Food production globally accounts for nearly 30% of greenhouse gas emissions, with the average Australian diet contributing more than 3kg of Co2 per person per day. And what’s worse, we waste about 35% of the food we bring home. If we keep this up, it has been estimated the already unsustainable environmental cost of the food system will nearly double by 2050.
Calculating the precise impact your individual food choices have on the environment isn’t simple, but research suggests the actions we can take to bring that impact down are – and they aren’t just better for the environment, they’re better for our health too.
Limit or switch these items
A 2021 CSIRO study found that sticking to its healthy eating guidelines while choosing lower-carbon options could reduce the climate impact of our diets by as much as 42%. Another released last year, which conducted life-cycle assessments on more than 60 thousand products available on Australian shelves, found that switching to lower-emission options within similar categories could bring our food footprints down by an impressive 71%.
Prof Simone Pettigrew, program director of food policy at the George Institute for Global Health and an author of the latter study, says: “There’s four biggies that sit at the top of the list for being the least sustainable: traditional red meats, dairy products, and then to a lesser extent – but perhaps more upsettingly – coffee and chocolate.” Consumers, she says, can make a “massive, massive difference” to the sustainability of their entire food basket simply by limiting or switching out those items.
In practical terms this might look like choosing poultry, seafood or kangaroo instead of lamb or pork, switching dairy milk for plant-based options, drinking just one less coffee a day or choosing sweet treats with low or no cocoa content. Even if we can do that some of the time, the difference can be significant, according to Pettigrew.
A boost for your health – and the planet
When it comes to carbohydrates and fresh produce, Pettigrew says a solid rule of thumb is the better it is for you, the better it probably is for the planet. Choosing fresh fruits and vegetables to snack on rather than processed biscuits or bars, for example, will dramatically reduce your diet’s carbon footprint. And while there are production and processing differences between more nutritionally similar items such as pasta and rice, Pettigrew says overall they are largely comparable in terms of sustainability. “Anything that is plant based is going to be much less environmentally costly than anything animal based.
“We understand it’s hard for consumers to make really big changes in one hit, but it is relatively easy to make small incremental ones.”

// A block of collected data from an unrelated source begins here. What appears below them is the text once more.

(* Suppose Assumptions A1 and A2 hold, let $\beta>0$, and let $(x(t),y(t))$, $t\ge0$, be the solution of the prediction-correction dynamics $$\dot x=-F(x,y),\qquad \dot y=-[\nabla^2_{yy}g(x,y)]^{-1}\big[\beta\nabla_y g(x,y)+\nabla^2_{yx}g(x,y)\dot x\big]$$ from an arbitrary initialization $(x(0),y(0))$. Let $x^\star$ be a global minimizer of $\ell$. Then for every $t>0$, $$\frac{1}{2t}\int_0^t\|\nabla\ell(x(\tau))\|^2d\tau\le\frac1t\Big(\ell(x(0))-\ell(x^\star)+\frac{M_1^2}{4\beta\mu_g^2}\|\nabla_y g(x(0),y(0))\|^2\Big).$$
   Context: $f,g:\mathbb{R}^n\times\mathbb{R}^m\to\mathbb{R}$; $\nabla^2_{yx}g(x,y)\in\mathbb{R}^{m\times n}$ is the Jacobian with respect to $x$ of $\nabla_y g(x,y)$, $\nabla^2_{yy}g$ the Hessian in $y$. Assumption A1: $f$ is continuously differentiable; $\|\nabla_x f\|\le C^f_x$, $\|\nabla_y f\|\le C^f_y$ everywhere; $\nabla_x f,\nabla_y f$ Lipschitz on $\mathbb{R}^n\times\mathbb{R}^m$. Assumption A2: $g$ is twice continuously differentiable; $g(x,\cdot)$ is $\mu_g$-strongly convex for each $x$; $\nabla_y g(x,\cdot)$ is $L^g_{yy}$-Lipschitz for each $x$ and $\nabla_y g(\cdot,y)$ is $L^g_{yx}$-Lipschitz for each $y$; $\nabla^2_{yx}g$, $\nabla^2_{yy}g$ are Lipschitz on $\mathbb{R}^n\times\mathbb{R}^m$. $y^\star(x):=\arg\min_y g(x,y)$, $\ell(x):=f(x,y^\star(x))$, $F(x,y):=\nabla_x f(x,y)-\nabla^2_{yx}g(x,y)^\top[\nabla^2_{yy}g(x,y)]^{-1}\nabla_y f(x,y)$; $M_1>0$ is a constant with $\|\nabla\ell(x)-F(x,y)\|\le M_1\|y-y^\star(x)\|$ for all $x,y$. *)

theory Defs
  imports "HOL-Analysis.Analysis"
begin

definition strongly_convex_on :: "real \<Rightarrow> 'a::real_normed_vector set \<Rightarrow> ('a \<Rightarrow> real) \<Rightarrow> bool" where
  "strongly_convex_on \<mu> S h \<longleftrightarrow> convex S \<and>
     (\<forall>a\<in>S. \<forall>b\<in>S. \<forall>\<theta>::real. 0 \<le> \<theta> \<and> \<theta> \<le> 1 \<longrightarrow>
        h (\<theta> *\<^sub>R a + (1 - \<theta>) *\<^sub>R b) \<le> \<theta> * h a + (1 - \<theta>) * h b - \<mu> / 2 * \<theta> * (1 - \<theta>) * (norm (a - b))\<^sup>2)"

definition ystar :: "('x \<times> 'y \<Rightarrow> real) \<Rightarrow> 'x \<Rightarrow> 'y" where
  "ystar g x = (THE y. \<forall>y'. g (x, y) \<le> g (x, y'))"

definition hyperobj :: "('x \<times> 'y \<Rightarrow> real) \<Rightarrow> ('x \<times> 'y \<Rightarrow> real) \<Rightarrow> 'x \<Rightarrow> real" where
  "hyperobj f g x = f (x, ystar g x)"

definition grad :: "('a::real_inner \<Rightarrow> real) \<Rightarrow> 'a \<Rightarrow> 'a" where
  "grad h x = (THE v. (h has_derivative (\<lambda>d. v \<bullet> d)) (at x))"

definition Fop :: "((real^'n) \<times> (real^'m) \<Rightarrow> real^'n) \<Rightarrow> ((real^'n) \<times> (real^'m) \<Rightarrow> real^'m)
    \<Rightarrow> ((real^'n) \<times> (real^'m) \<Rightarrow> real^'n^'m) \<Rightarrow> ((real^'n) \<times> (real^'m) \<Rightarrow> real^'m^'m)
    \<Rightarrow> (real^'n) \<times> (real^'m) \<Rightarrow> real^'n" where
  "Fop fx fy gyx gyy z = fx z - transpose (gyx z) *v (matrix_inv (gyy z) *v fy z)"

end

theory Submission
  imports Defs
begin

text \<open>Along the prediction-correction flow the correction step makes the lower-level gradient
  G(s) = grad_y g(x(s), y(s)) satisfy G' = - beta G, so G(s) = exp(- beta s) G(0). Strong convexity
  of g(x, -) gives |y - y*(x)| <= |grad_y g(x, y)| / mu_g, so by the defining property of M1 the
  direction F(x, y) differs from grad l(x) by at most K exp(- beta s), K = M1 |G(0)| / mu_g. Hence
  d/ds l(x(s)) = - grad l . F <= - |grad l|^2 / 2 + K^2 exp(- 2 beta s) / 2; integrating over [0, t]
  and using l(x(t)) >= l(x*) gives the bound. Differentiability of l comes from an implicit-function
  argument for y*, which is Lipschitz since grad_y g(-, y) is.\<close>

lemma matrix_inv_of_norm_lower_bound:
  fixes A :: "real^'m::finite^'m"
  assumes mu: "\<mu> > 0" and lb: "\<And>v. \<mu> * norm v \<le> norm (A *v v)"
  shows matrix_inv_mult_cancel: "matrix_inv A *v (A *v v) = v"
    and mult_matrix_inv_cancel: "A *v (matrix_inv A *v w) = w"
    and norm_matrix_inv_mult_le: "norm (matrix_inv A *v w) \<le> norm w / \<mu>"
proof -
  have "A *v v = 0 \<Longrightarrow> v = 0" for v
    using lb[of v] mu by (simp add: mult_le_0_iff)
  then have "invertible A"
    using matrix_left_invertible_ker invertible_left_inverse by blast
  then have "A ** matrix_inv A = mat 1 \<and> matrix_inv A ** A = mat 1"
    unfolding invertible_def matrix_inv_def by (rule someI_ex)
  then show "matrix_inv A *v (A *v v) = v" and AA: "A *v (matrix_inv A *v w) = w"
    by (simp_all add: matrix_vector_mul_assoc)
  have "\<mu> * norm (matrix_inv A *v w) \<le> norm w"
    using lb[of "matrix_inv A *v w"] AA by simp
  then show "norm (matrix_inv A *v w) \<le> norm w / \<mu>"
    using mu by (simp add: field_simps)
qed

lemma continuous_on_matrix_vector_mult:
  fixes A :: "'a::topological_space \<Rightarrow> real^'n::finite^'m::finite"
  assumes "continuous_on S A" "continuous_on S x"
  shows "continuous_on S (\<lambda>s. A s *v x s)"
  unfolding matrix_vector_mult_def
  by (intro continuous_intros continuous_on_vec_lambda continuous_on_sum continuous_on_mult
      assms[THEN continuous_on_compose2[OF continuous_on_component]]) auto

lemma continuous_on_matrix_inv_mult:
  fixes A :: "'a::topological_space \<Rightarrow> real^'m::finite^'m"
  assumes cA: "continuous_on S A" and cw: "continuous_on S w" and mu: "\<mu> > 0"
    and lb: "\<And>s v. s \<in> S \<Longrightarrow> \<mu> * norm v \<le> norm (A s *v v)"
  shows "continuous_on S (\<lambda>s. matrix_inv (A s) *v w s)"
  unfolding continuous_on_def
proof
  fix s0 assume s0: "s0 \<in> S"
  define q0 where "q0 = matrix_inv (A s0) *v w s0"
  have "A s0 *v q0 = w s0"
    unfolding q0_def using mult_matrix_inv_cancel[OF mu lb[OF s0]] .
  moreover have "continuous_on S (\<lambda>s. w s - A s *v q0)"
    by (intro continuous_on_diff cw continuous_on_matrix_vector_mult[OF cA continuous_on_const])
  ultimately have "((\<lambda>s. w s - A s *v q0) \<longlongrightarrow> 0) (at s0 within S)"
    using s0 unfolding continuous_on_def by fastforce
  from tendsto_divide[OF tendsto_norm_zero[OF this] tendsto_const[of \<mu>]]
  have "((\<lambda>s. norm (w s - A s *v q0) / \<mu>) \<longlongrightarrow> 0) (at s0 within S)"
    using mu by simp
  moreover have "eventually (\<lambda>s. norm (matrix_inv (A s) *v w s - q0) \<le> norm (w s - A s *v q0) / \<mu>)
      (at s0 within S)"
    unfolding eventually_at_filter
  proof (intro always_eventually allI impI)
    fix s assume "s \<in> S"
    note lbs = lb[OF this]
    have "matrix_inv (A s) *v w s - q0 = matrix_inv (A s) *v (w s - A s *v q0)"
      by (simp add: matrix_vector_mult_diff_distrib matrix_inv_mult_cancel[OF mu lbs])
    then show "norm (matrix_inv (A s) *v w s - q0) \<le> norm (w s - A s *v q0) / \<mu>"
      using norm_matrix_inv_mult_le[OF mu lbs] by simp
  qed
  ultimately have "((\<lambda>s. matrix_inv (A s) *v w s - q0) \<longlongrightarrow> 0) (at s0 within S)"
    by (rule Lim_null_comparison[rotated])
  then show "((\<lambda>s. matrix_inv (A s) *v w s) \<longlongrightarrow> matrix_inv (A s0) *v w s0) (at s0 within S)"
    unfolding q0_def by (simp add: LIM_zero_iff)
qed

lemma continuous_on_transpose_mult:
  fixes A :: "'a::topological_space \<Rightarrow> real^'n::finite^'m::finite"
  assumes "continuous_on S A" "continuous_on S x"
  shows "continuous_on S (\<lambda>s. transpose (A s) *v x s)"
  unfolding transpose_matrix_vector vector_matrix_mult_def
  by (intro continuous_intros continuous_on_vec_lambda continuous_on_sum continuous_on_mult
      assms[THEN continuous_on_compose2[OF continuous_on_component]]) auto

lemma strongly_convex_on_first_order:
  fixes \<phi> :: "'a::real_inner \<Rightarrow> real"
  assumes sc: "strongly_convex_on \<mu> UNIV \<phi>"
    and d: "(\<phi> has_derivative (\<lambda>h. G \<bullet> h)) (at a)"
  shows "\<phi> a + G \<bullet> (b - a) + \<mu> / 2 * (norm (b - a))\<^sup>2 \<le> \<phi> b"
proof -
  define \<psi> where "\<psi> = (\<lambda>\<theta>::real. \<phi> (a + \<theta> *\<^sub>R (b - a)))"
  have "((\<lambda>\<theta>::real. a + \<theta> *\<^sub>R (b - a)) has_derivative (\<lambda>\<theta>. \<theta> *\<^sub>R (b - a))) (at 0)"
    by (auto intro!: derivative_eq_intros)
  then have "(\<psi> has_derivative (\<lambda>\<theta>. G \<bullet> (\<theta> *\<^sub>R (b - a)))) (at 0)"
    unfolding \<psi>_def by (rule has_derivative_compose) (simp add: d)
  then have "(\<psi> has_field_derivative (G \<bullet> (b - a))) (at 0)"
    unfolding has_field_derivative_def by (simp add: mult.commute[of _ "G \<bullet> (b - a)"])
  then have "((\<lambda>\<theta>. (\<psi> \<theta> - \<psi> 0) / \<theta>) \<longlongrightarrow> G \<bullet> (b - a)) (at_right 0)"
    by (simp add: has_field_derivative_iff filterlim_at_split)
  moreover have "((\<lambda>\<theta>. \<phi> b - \<phi> a - \<mu> / 2 * (1 - \<theta>) * (norm (b - a))\<^sup>2) \<longlongrightarrow>
      \<phi> b - \<phi> a - \<mu> / 2 * (1 - 0) * (norm (b - a))\<^sup>2) (at_right (0::real))"
    by (intro tendsto_intros)
  moreover have "eventually (\<lambda>\<theta>. (\<psi> \<theta> - \<psi> 0) / \<theta> \<le> \<phi> b - \<phi> a - \<mu> / 2 * (1 - \<theta>) * (norm (b - a))\<^sup>2)
      (at_right (0::real))"
    unfolding eventually_at_right_field
  proof (intro exI[of _ 1] conjI allI impI)
    fix \<theta> :: real assume "0 < \<theta>" "\<theta> < 1"
    have eq: "a + \<theta> *\<^sub>R (b - a) = \<theta> *\<^sub>R b + (1 - \<theta>) *\<^sub>R a"
      by (simp add: algebra_simps)
    have "\<phi> (\<theta> *\<^sub>R b + (1 - \<theta>) *\<^sub>R a)
        \<le> \<theta> * \<phi> b + (1 - \<theta>) * \<phi> a - \<mu> / 2 * \<theta> * (1 - \<theta>) * (norm (b - a))\<^sup>2"
      using sc[unfolded strongly_convex_on_def, THEN conjunct2, rule_format, of b a \<theta>]
        \<open>0 < \<theta>\<close> \<open>\<theta> < 1\<close> by simp
    then have "\<psi> \<theta> - \<psi> 0 \<le> \<theta> * (\<phi> b - \<phi> a - \<mu> / 2 * (1 - \<theta>) * (norm (b - a))\<^sup>2)"
      unfolding \<psi>_def eq by (simp add: algebra_simps)
    with \<open>0 < \<theta>\<close> show "(\<psi> \<theta> - \<psi> 0) / \<theta> \<le> \<phi> b - \<phi> a - \<mu> / 2 * (1 - \<theta>) * (norm (b - a))\<^sup>2"
      by (simp add: divide_simps mult.commute)
  qed simp
  ultimately have "G \<bullet> (b - a) \<le> \<phi> b - \<phi> a - \<mu> / 2 * (1 - 0) * (norm (b - a))\<^sup>2"
    by (intro tendsto_le[OF trivial_limit_at_right_real])
  then show ?thesis by simp
qed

If you already eat a healthy, plant-rich diet, limit your ultra-processed food intake and are keeping your coffee and chocolate habits in check, you’ve made a great start.
Shop with intent
Beyond that, Dr Lilly Lim-Camacho, principal research scientist with CSIRO Agriculture and Food, says one of the most helpful things consumers can do to maximise these gains is to “shop with intent”. Food waste accounts for more than a third of all household waste, so only purchasing what you need combined with small efforts such as “learning how to use up leftover veggies in the crisper” and resisting impulse buying will not only make your diet significantly more sustainable, but healthier and more economical too.
She urges people to also keep in mind that wasting unhealthy food is doubly bad. “Not only do discretionary foods create more emissions, our bodies don’t actually need them.” Those emissions are essentially being wasted regardless of whether you consume the food or not, she suggests.
If you’d like to take things a step further, apps such as ecoSwitch, developed by the George Institute, get into the nitty gritty of comparing the carbon ratings associated with more specific items. This can help if you want to know, for example, which brand of tinned tomatoes or tofu is best. The George Institute study found that opting for near identical but lower-impact options alone could bring your food footprint down by 26%.
Neither Pettigrew nor Lim-Camacho want to take the fun out of food or expect consumers to forgo the odd burger or chocolate ice-cream, but agree that by prioritising our health we will naturally make better choices for the planet, and vice versa. “It’s a win-win,” says Pettigrew.
“There is always going to be an environmental cost to our food. But it’s important for people to know that you actually can make an enormous difference if you want to.”